Bevacizumab (Avastin) Dose in Childrens

It should be noted that  individual protocols should be followed. The details concerning dosing in combination regimens should also be consulted. Trials in pediatric patients were conducted using the product Avastin 25 mg/mL vial for injection of bevacizumab. Mvasi (bevacizumab-awwb) is a biosimilar of Avastin. However,  experiences have been reported with the biosimilar product in pediatric oncology patients is lacking.

Bevacizumab (Avastin) Use in the treatment of Refractory solid tumor:

  • Children and Adolescents:

    • It is used as 5 to 15 mg/kg/dose intravenously biweekly in a 28-day course OR
    • 5 to 10 mg/kg every 2 to 3 weeks.

Bevacizumab (Avastin) Use in the treatment of recurrent or refractory primary CNS tumor (high or low-grade gliomas, medulloblastoma):

  • Children and Adolescents:

    • It is given as 10 mg/kg/dose intravenously biweekly OR days 1 and 15 of each 28-day cycle. It is mostly used in combination with irinotecan with or without temozolomide OR
    • 15 mg/kg/dose every 3 weeks has also been used.
    • When treating high-grade glioma, patients with contrast-enhancing disease showed greater response or remained stable, while patients with non-contrast enhancing disease had disease progression. Some studies have observed only minimal efficacy in patients with high-grade glioma.

Bevacizumab Dosing adjustment for toxicity:

  • The presented dosing adjustments are based on clinical experience in adult oncology patients. The specific preferences for pediatric patients are limited.
  • Local guidelines should be followed if available.
  • In adults, Intravenous administration: There are no recommended dosage reductions.
  • Withholding the drug is recommended for severe infusion reactions, for at least 4 weeks before and after elective surgery.
  • In moderate to severe proteinuria as shown in data, treatment was withheld for more than 2 g proteinuria/24 hours, or in patients with severe hypertension which is not controlled with medical management.
  • Permanently withholding of the drug is recommended in patients who develop wound dehiscence and wound healing complications requiring surgical intervention, or develops necrotizing fasciitis, fistula (gastrointestinal and nongastrointestinal), gastrointestinal perforation, intra-abdominal abscess, hypertensive crisis, hypertensive encephalopathy, serious bleeding/hemorrhage, severe arterial thromboembolic event, life-threatening (grade 4) venous thromboembolic events (including pulmonary embolism), nephrotic syndrome, or PRES.

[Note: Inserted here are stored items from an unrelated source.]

subsection \<open>Degree of the resultant\<close>

lemma degree_det_le_weights:
  fixes A :: "'a::comm_ring_1 poly mat" and r c :: "nat \<Rightarrow> int"
  assumes A: "A \<in> carrier_mat n n"
    and entry: "\<And>i j. i < n \<Longrightarrow> j < n \<Longrightarrow> A $$ (i, j) \<noteq> 0 \<Longrightarrow>
      int (degree (A $$ (i, j))) \<le> r i + c j"
  shows "degree (det A) \<le> nat ((\<Sum>i=0..<n. r i) + (\<Sum>j=0..<n. c j))"
proof -
  define B where "B = nat ((\<Sum>i=0..<n. r i) + (\<Sum>j=0..<n. c j))"
  have "degree (signof p * (\<Prod>i=0..<n. A $$ (i, p i))) \<le> B" if p: "p permutes {0..<n}" for p
  proof (cases "\<exists>i<n. A $$ (i, p i) = 0")
    case True
    then have "(\<Prod>i=0..<n. A $$ (i, p i)) = 0"
      by (intro prod_zero) auto
    then show ?thesis
      by simp
  next
    case False
    have "int (degree (\<Prod>i=0..<n. A $$ (i, p i))) \<le> (\<Sum>i=0..<n. int (degree (A $$ (i, p i))))"
      using degree_prod_sum_le[of "{0..<n}" "\<lambda>i. A $$ (i, p i)"]
      by (simp add: comp_def flip: of_nat_sum)
    also have "\<dots> \<le> (\<Sum>i=0..<n. r i + c (p i))"
      using False entry permutes_in_image[OF p] by (intro sum_mono) auto
    also have "\<dots> = (\<Sum>i=0..<n. r i) + (\<Sum>j=0..<n. c j)"
      using sum.permute[OF p, of c] by (simp add: sum.distrib comp_def)
    finally show ?thesis
      unfolding B_def by (simp add: sign_def)
  qed
  then show ?thesis
    unfolding det_def'[OF A] B_def[symmetric] by (intro degree_sum_le) (auto simp: finite_permutations)
qed

lemma degree_sylvester_entry_le:
  fixes h G :: "complex poly poly"
  assumes "i < degree h + degree G" and "j < degree h + degree G"
    and nz: "sylvester_mat h G $$ (i, j) \<noteq> 0"
  shows "int (degree (sylvester_mat h G $$ (i, j))) \<le>
    ((if i < degree G then int (tdeg h) - int (degree h) else int (tdeg G)) - int i) + int j"
proof (cases "i < degree G")
  case True
  with assms have "i \<le> j" "j - i \<le> degree h"
    and entry: "sylvester_mat h G $$ (i, j) = coeff h (degree h + i - j)"
    by (auto simp: sylvester_index_mat split: if_splits)
  with nz tdeg_ge[of h "degree h + i - j"] True show ?thesis
    by auto
next
  case False
  with assms have "j \<le> i"
    and entry: "sylvester_mat h G $$ (i, j) = coeff G (i - j)"
    by (auto simp: sylvester_index_mat split: if_splits)
  with nz tdeg_ge[of G "i - j"] False show ?thesis
    by auto
qed

lemma sum_lessThan_if_less:
  "(\<Sum>i<n + m. if i < n then a else b) = of_nat n * a + of_nat m * (b :: 'a::comm_semiring_1)"
  by (induction m) (auto simp: algebra_simps)

lemma degree_resultant_le:
  fixes h G :: "complex poly poly"
  shows "degree (resultant h G) \<le> degree G * (tdeg h - degree h) + degree h * tdeg G"
proof -
  let ?m = "degree h" and ?n = "degree G"
  define r where "r i = (if i < ?n then int (tdeg h) - int ?m else int (tdeg G)) - int i" for i
  have "(\<Sum>i=0..<?m + ?n. r i) + (\<Sum>j=0..<?m + ?n. int j)
      = (\<Sum>i<?n + ?m. if i < ?n then int (tdeg h) - int ?m else int (tdeg G))"
    by (simp add: r_def lessThan_atLeast0 add.commute flip: sum.distrib)
  also have "\<dots> = int (?n * (tdeg h - ?m) + ?m * tdeg G)"
    using degree_le_tdeg[of h] by (simp add: sum_lessThan_if_less)
  finally have weights: "(\<Sum>i=0..<?m + ?n. r i) + (\<Sum>j=0..<?m + ?n. int j) = \<dots>" .
  have "degree (resultant h G) \<le> nat ((\<Sum>i=0..<?m + ?n. r i) + (\<Sum>j=0..<?m + ?n. int j))"
    unfolding resultant_def
    by (rule degree_det_le_weights[OF sylvester_carrier_mat])
      (use degree_sylvester_entry_le in \<open>auto simp: r_def\<close>)
  then show ?thesis
    unfolding weights nat_int .
qed

subsection \<open>Roots and the resultant\<close>

lemma sylvester_row_eval:
  fixes P :: "'a::comm_ring_1 poly"
  assumes "r + degree P < N"
  shows "(\<Sum>j<N. coeff (monom 1 (Suc r) * P) (N - j) * x ^ (N - 1 - j)) = x ^ r * poly P x"
proof -
  have deg: "degree (monom 1 r * P) < N"
    using degree_mult_le[of "monom 1 r" P] degree_monom_le[of "1::'a" r] assms by linarith
  have "(\<Sum>j<N. coeff (monom 1 (Suc r) * P) (N - j) * x ^ (N - 1 - j))
      = (\<Sum>j<N. coeff (monom 1 r * P) (N - Suc j) * x ^ (N - Suc j))"
  proof (intro sum.cong refl)
    fix j assume "j \<in> {..<N}"
    then have "N - j = Suc (N - Suc j)" by auto
    then show "coeff (monom 1 (Suc r) * P) (N - j) * x ^ (N - 1 - j)
        = coeff (monom 1 r * P) (N - Suc j) * x ^ (N - Suc j)"
      by (simp only: coeff_monom_Suc) simp
  qed
  also have "\<dots> = (\<Sum>t<N. coeff (monom 1 r * P) t * x ^ t)"
    by (rule sum.nat_diff_reindex)
  also have "\<dots> = (\<Sum>t\<le>degree (monom 1 r * P). coeff (monom 1 r * P) t * x ^ t)"
    using deg by (intro sum.mono_neutral_right) (auto simp: coeff_eq_0)
  also have "\<dots> = x ^ r * poly P x"
    by (simp add: poly_altdef[symmetric] poly_monom)
  finally show ?thesis .
qed

lemma sylvester_mat_mult_powers:
  fixes H Q :: "'a::comm_ring_1 poly"
  defines "N \<equiv> degree H + degree Q"
  assumes "poly Q x = 0"
  shows "sylvester_mat H Q *\<^sub>v vec N (\<lambda>j. x ^ (N - 1 - j))
    = poly H x \<cdot>\<^sub>v vec N (\<lambda>i. if i < degree Q then x ^ (degree Q - 1 - i) else 0)"
    (is "?S *\<^sub>v ?w = _ \<cdot>\<^sub>v ?u")
proof (rule eq_vecI)
  fix i assume "i < dim_vec (poly H x \<cdot>\<^sub>v ?u)"
  then have i: "i < N" by simp
  have "(?S *\<^sub>v ?w) $ i = (\<Sum>j<N. (if i < degree Q then coeff (monom 1 (degree Q - i) * H) (N - j)
      else coeff (monom 1 (N - i) * Q) (N - j)) * x ^ (N - 1 - j))"
    using i unfolding N_def
    by (auto simp: scalar_prod_def lessThan_atLeast0 sylvester_index_mat2 intro!: sum.cong)
  also have "\<dots> = poly H x * ?u $ i"
  proof (cases "i < degree Q")
    case True
    then have "degree Q - i = Suc (degree Q - 1 - i)" by auto
    with True i sylvester_row_eval[of "degree Q - 1 - i" H N x] show ?thesis
      by (simp add: N_def mult.commute)
  next
    case False
    then have "N - i = Suc (N - 1 - i)" using i by auto
    with False i sylvester_row_eval[of "N - 1 - i" Q N x] \<open>poly Q x = 0\<close> show ?thesis
      by (simp add: N_def)
  qed
  finally show "(?S *\<^sub>v ?w) $ i = (poly H x \<cdot>\<^sub>v ?u) $ i"
    using i by simp
qed (simp add: N_def)

lemma resultant_root_dvd:
  fixes H Q :: "'a::comm_ring_1 poly"
  assumes "poly Q x = 0" and "degree Q > 0"
  shows "poly H x dvd resultant H Q"
proof -
  define N where "N = degree H + degree Q"
  define S where "S = sylvester_mat H Q"
  define w where "w = vec N (\<lambda>j. x ^ (N - 1 - j))"
  define u where "u = vec N (\<lambda>i. if i < degree Q then x ^ (degree Q - 1 - i) else 0)"
  have S: "S \<in> carrier_mat N N"
    unfolding S_def N_def by (rule sylvester_carrier_mat)
  have w: "w \<in> carrier_vec N" and u: "u \<in> carrier_vec N"
    unfolding w_def u_def by auto
  note adj = adj_mat[OF S]
  have "det S \<cdot>\<^sub>v w = det S \<cdot>\<^sub>v (1\<^sub>m N *\<^sub>v w)"
    using w by simp
  also have "\<dots> = (adj_mat S * S) *\<^sub>v w"
    using w by (auto simp: adj)
  also have "\<dots> = adj_mat S *\<^sub>v (S *\<^sub>v w)"
    by (rule assoc_mult_mat_vec[OF adj(1) S w])
  also have "S *\<^sub>v w = poly H x \<cdot>\<^sub>v u"
    unfolding S_def w_def u_def N_def by (rule sylvester_mat_mult_powers[OF assms(1)])
  also have "adj_mat S *\<^sub>v (poly H x \<cdot>\<^sub>v u) = poly H x \<cdot>\<^sub>v (adj_mat S *\<^sub>v u)"
    using adj(1) u by (intro eq_vecI) auto
  \<comment> \<open>the last entry of \<open>w\<close> is \<open>x\<^sup>0 = 1\<close>\<close>
  finally have "(det S \<cdot>\<^sub>v w) $ (N - 1) = (poly H x \<cdot>\<^sub>v (adj_mat S *\<^sub>v u)) $ (N - 1)"
    by simp
  moreover have "N - 1 < N"
    using assms(2) by (simp add: N_def)
  ultimately have "det S = poly H x * (adj_mat S *\<^sub>v u) $ (N - 1)"
    using adj(1) u by (simp add: w_def)
  then show ?thesis
    unfolding resultant_def S_def by simp
qed

subsection \<open>The expansion along a branch\<close>

lemma C_expansion_mult: "C_expansion xi (a * b) = C_expansion xi a * C_expansion xi b"
  unfolding C_expansion_def by (simp add: map_fps_of_poly_hom.hom_mult pcompose_mult)

lemma C_expansion_power: "C_expansion xi (a ^ n) = C_expansion xi a ^ n"
proof (induction n)
  case 0
  then show ?case
    by (simp add: C_expansion_def)
qed (simp add: C_expansion_mult)

lemma C_expansion_eq_0_iff: "C_expansion xi f = 0 \<longleftrightarrow> f = 0"
  unfolding C_expansion_def by (simp add: pcompose_eq_0_iff)

lemma coeff_C_expansion_0: "coeff (C_expansion xi f) 0 = poly (map_poly fps_of_poly f) xi"
  unfolding C_expansion_def by (simp add: poly_0_coeff_0[symmetric] poly_pcompose)

lemma coeff_C_expansion_nth_0:
  assumes "fps_nth xi 0 = 0"
  shows "fps_nth (coeff (C_expansion xi f) j) 0 = coeff (coeff f j) 0"
proof -
  have "map_poly (\<lambda>a. fps_nth a 0) (C_expansion xi f)
      = map_poly (\<lambda>a. fps_nth a 0) (map_poly fps_of_poly f) \<circ>\<^sub>p [:0, 1:]"
    unfolding C_expansion_def fps_nth_0_hom.map_poly_pcompose using assms by simp
  also have "\<dots> = map_poly (\<lambda>c. coeff c 0) f"
    unfolding pcompose_idR by (simp add: map_poly_map_poly comp_def)
  finally have "map_poly (\<lambda>a. fps_nth a 0) (C_expansion xi f) = map_poly (\<lambda>c. coeff c 0) f" .
  from arg_cong[OF this, of "\<lambda>p. coeff p j"] show ?thesis
    by (simp add: coeff_map_poly)
qed

lemma v1_le_term:
  assumes "fps_nth (coeff (C_expansion xi f) j) i \<noteq> 0" and "s \<ge> 0"
  shows "v1 xi s f \<le> real i + s * real j"
  unfolding v1_def
  by (rule cInf_lower) (use assms in \<open>auto intro: bdd_belowI[of _ 0]\<close>)

lemma v1_geI:
  assumes "f \<noteq> 0"
    and "\<And>i j. fps_nth (coeff (C_expansion xi f) j) i \<noteq> 0 \<Longrightarrow> B \<le> real i + s * real j"
  shows "B \<le> v1 xi s f"
  unfolding v1_def
proof (rule cInf_greatest)
  obtain j where "coeff (C_expansion xi f) j \<noteq> 0"
    using assms(1) C_expansion_eq_0_iff by (metis leading_coeff_neq_0)
  then obtain i where "fps_nth (coeff (C_expansion xi f) j) i \<noteq> 0"
    using fps_nonzero_nth by blast
  then show "{real i + s * real j |i j. fps_nth (coeff (C_expansion xi f) j) i \<noteq> 0} \<noteq> {}"
    by blast
qed (use assms(2) in blast)

text \<open>The only place where \<open>s \<ge> d\<^sup>2\<close> enters: the defect is \<open>(k - m d)(s - d\<^sup>2)/d\<close>.\<close>

lemma weighted_degree_bound:
  fixes k m t d s :: real
  assumes "d > 0" "d\<^sup>2 \<le> s" "t \<ge> 0" "m * d + t \<le> k"
  shows "t * d + s * m \<le> k * s / d"
proof -
  have "(k - m * d) * (s - d\<^sup>2) \<ge> 0"
    using assms by (intro mult_nonneg_nonneg) auto
  moreover have "t * d\<^sup>2 \<le> (k - m * d) * d\<^sup>2"
    using assms by (intro mult_right_mono) auto
  ultimately have "(t * d + s * m) * d \<le> k * s"
    by (simp add: algebra_simps power2_eq_square)
  then show ?thesis
    using assms(1) by (simp add: pos_le_divide_eq)
qed

subsection \<open>A smooth branch of an irreducible curve\<close>

locale smooth_branch =
  fixes G :: "complex poly poly" and xi :: "complex fps"
  assumes irreducible: "irreducible G"
    and branch: "poly (map_poly fps_of_poly G) xi = 0"
    and xi_0: "fps_nth xi 0 = 0"
    and smooth: "coeff (coeff G 1) 0 \<noteq> 0"
begin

Bevacizumab (Avastin) Pregnancy Category: C

  • Studies on animal reproduction have shown that it can cause adverse outcomes in pregnant women.
  • The information available after exposure during pregnancy is not complete.
  • Effective contraception should be used by women with reproductive potential for at least 6 months following the last bevacizumab dose.
  • Bevacizumab may increase the chance of ovarian failure, impair fertility and cause a rise in the incidence of ovarian cancer. Long-term effects of bevacizumab on fertility are not yet known.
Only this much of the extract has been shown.